Conventional technology, such as fluorescent lighting, has been used in combined manner in the industry to communicate with air conditioning systems. LED lights have also been employed, in combination with an air conditioning system, by adding a “chilled or heated air” duct connection to the panel.
There is currently a need for more efficient and environmentally friendly air conditioning systems. These improved systems may be based on water or emulsion loops for the distribution of heated or chilled water.
The embodiments described herein provide for a combined light and air conditioning fixture. This system will be cost efficient to produce, on a large or small scale, and will utilize a flexible distributed air handler than can achieve the best, state of the art interface efficiency at a low cost.
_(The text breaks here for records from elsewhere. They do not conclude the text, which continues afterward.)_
lemma stochastic_matrix_fixed_distribution:
  fixes P :: "'s::finite \<Rightarrow> 's \<Rightarrow> real"
  assumes "T \<noteq> {}"
    and nonneg: "\<And>s t. s \<in> T \<Longrightarrow> t \<in> T \<Longrightarrow> 0 \<le> P t s"
    and stochastic: "\<And>s. s \<in> T \<Longrightarrow> (\<Sum>t\<in>T. P t s) = 1"
  shows "\<exists>v. (\<forall>s. s \<notin> T \<longrightarrow> v s = 0) \<and> (\<forall>s\<in>T. 0 \<le> v s) \<and> (\<Sum>s\<in>T. v s) = 1 \<and>
             (\<forall>t\<in>T. (\<Sum>s\<in>T. P t s * v s) = v t)"
proof -
  define D :: "(real^'s) set" where
    "D = {v. (\<forall>s. s \<notin> T \<longrightarrow> v $ s = 0) \<and> (\<forall>s. s \<in> T \<longrightarrow> 0 \<le> v $ s) \<and> (\<Sum>s\<in>T. v $ s) = 1}"
  define f :: "real^'s \<Rightarrow> real^'s" where
    "f v = (\<chi> t. if t \<in> T then \<Sum>s\<in>T. P t s * v $ s else 0)" for v
  have "closed D"
    unfolding D_def
    by (intro closed_Collect_conj closed_Collect_all closed_Collect_imp closed_Collect_eq
        closed_Collect_le open_Collect_const continuous_intros)
  moreover have "D \<subseteq> {v. (\<forall>i. 0 \<le> v $ i) \<and> (\<Sum>i\<in>UNIV. v $ i) \<le> 1}"
  proof safe
    fix v i assume "v \<in> D"
    then show "0 \<le> v $ i" unfolding D_def by (cases "i \<in> T") auto
    have "(\<Sum>i\<in>UNIV. v $ i) = (\<Sum>i\<in>T. v $ i)"
      using \<open>v \<in> D\<close> unfolding D_def by (intro sum.mono_neutral_right) auto
    then show "(\<Sum>i\<in>UNIV. v $ i) \<le> 1" using \<open>v \<in> D\<close> unfolding D_def by simp
  qed
  ultimately have "compact D"
    using bounded_nonneg_sum_le bounded_subset compact_eq_bounded_closed by blast
  moreover have "convex D"
    unfolding convex_def D_def by (auto simp: sum.distrib simp flip: sum_distrib_left)
  moreover have "D \<noteq> {}"
  proof -
    obtain s0 where "s0 \<in> T"
      using \<open>T \<noteq> {}\<close> by auto
    then have "(\<chi> s. if s = s0 then 1 else 0) \<in> D"
      unfolding D_def by auto
    then show ?thesis by auto
  qed
  moreover have "continuous_on D f"
    unfolding f_def
  proof (intro continuous_intros)
    show "continuous_on D (\<lambda>v. if t \<in> T then \<Sum>s\<in>T. P t s * v $ s else 0)" for t
      by (cases "t \<in> T") (simp_all, intro continuous_intros)
  qed
  moreover have "f \<in> D \<rightarrow> D"
  proof
    fix v assume v: "v \<in> D"
    have "(\<Sum>t\<in>T. \<Sum>s\<in>T. P t s * v $ s) = (\<Sum>s\<in>T. v $ s * (\<Sum>t\<in>T. P t s))"
      by (subst sum.swap) (simp add: sum_distrib_left mult.commute)
    also have "\<dots> = 1"
      using stochastic v unfolding D_def by simp
    finally show "f v \<in> D"
      using nonneg v unfolding f_def D_def by (auto intro!: sum_nonneg)
  qed
  ultimately obtain v where "v \<in> D" "f v = v"
    using brouwer by metis
  then show ?thesis
    by (intro exI[of _ "\<lambda>s. v $ s"]) (auto simp: D_def f_def vec_eq_iff split: if_splits)
qed

lemma reach_closed_set:
  assumes closed: "\<And>s t. s \<in> F \<Longrightarrow> tstep S phi c u s t \<Longrightarrow> t \<in> F"
    and "reach S phi c u s t" "s \<in> F"
  shows "t \<in> F"
  using \<open>reach S phi c u s t\<close> \<open>s \<in> F\<close> unfolding reach_def
  by (induction rule: rtranclp_induct) (auto intro: closed)

lemma closed_set_contains_recurrent_class:
  fixes S :: "'c \<Rightarrow> 's::finite set"
  assumes "F \<subseteq> S c" "F \<noteq> {}"
    and closed: "\<And>s t. s \<in> F \<Longrightarrow> tstep S phi c u s t \<Longrightarrow> t \<in> F"
  shows "\<exists>K. recurrent_class S phi c u K \<and> K \<noteq> {} \<and> K \<subseteq> F"
proof -
  define R where "R s = {t. reach S phi c u s t}" for s
  \<comment> \<open>a state of \<open>F\<close> with the fewest reachable states lies in a closed communicating class\<close>
  obtain s0 where "s0 \<in> F" and fewest: "\<And>s. s \<in> F \<Longrightarrow> card (R s0) \<le> card (R s)"
    using \<open>F \<noteq> {}\<close> ex_has_least_nat[of "\<lambda>s. s \<in> F" _ "\<lambda>s. card (R s)"] by blast
  define K where "K = {t \<in> S c. reach S phi c u s0 t \<and> reach S phi c u t s0}"
  have reach_F: "t \<in> F" if "reach S phi c u s0 t" for t
    using reach_closed_set[OF closed that \<open>s0 \<in> F\<close>] .
  have "s0 \<in> S c" using \<open>s0 \<in> F\<close> \<open>F \<subseteq> S c\<close> by auto
  then have "comm_class S phi c u K" and "s0 \<in> K"
    unfolding comm_class_def K_def reach_def by auto
  moreover have "K \<subseteq> F"
    unfolding K_def using reach_F by blast
  moreover have "t' \<in> K" if "t \<in> K" and step: "tstep S phi c u t t'" for t t'
  proof -
    have reach_t': "reach S phi c u s0 t'"
      using that unfolding K_def reach_def by auto
    then have "R t' \<subseteq> R s0"
      unfolding R_def reach_def by auto
    moreover have "card (R s0) \<le> card (R t')"
      using fewest reach_F reach_t' by blast
    ultimately have "R t' = R s0"
      by (intro card_seteq) auto
    then have "reach S phi c u t' s0"
      unfolding R_def reach_def by auto
    then show ?thesis
      using reach_t' step unfolding K_def tstep_def by auto
  qed
  ultimately show ?thesis
    unfolding recurrent_class_def by blast
qed

lemma positive_fixpoint_contains_recurrent_class:
  fixes S :: "'c \<Rightarrow> 's::finite set"
  assumes nonneg: "\<And>s t. s \<in> S c \<Longrightarrow> t \<in> S c \<Longrightarrow> 0 \<le> phi c t s (u s)"
    and fixed: "\<And>t. t \<in> S c \<Longrightarrow> (\<Sum>s\<in>S c. phi c t s (u s) * f s) = f t"
    and f_nonneg: "\<And>s. s \<in> S c \<Longrightarrow> 0 \<le> f s"
    and "s \<in> S c" "0 < f s"
  shows "\<exists>K. recurrent_class S phi c u K \<and> K \<noteq> {} \<and> (\<forall>t\<in>K. 0 < f t)"
proof -
  let ?F = "{s \<in> S c. 0 < f s}"
  have "t \<in> ?F" if "s \<in> ?F" "tstep S phi c u s t" for s t
    using that fixpoint_support_closed[of "S c" "\<lambda>t s. phi c t s (u s)" t f s] nonneg fixed f_nonneg
    unfolding tstep_def by auto
  then show ?thesis
    using closed_set_contains_recurrent_class[of ?F S c phi u] assms by blast
qed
The disclosed invention may utilize distributed heat exchangers to a liquid loop. where only one main liquid loop is required, an evaporation cooling tower technology may be employed, and the simultaneous heating and cooling in a large application can be achieved using a minimal amount of energy.
These and other aspects of the disclosed subject matter, as well as additional novel features, will be apparent from the description provided herein. The intent of this summary is not to be a comprehensive description of the claimed subject matter, but rather to provide a short overview of some of the subject matter's functionality. Other systems, methods, features and advantages here provided will become apparent to one with skill in the art upon examination of the following FIGURES and detailed description.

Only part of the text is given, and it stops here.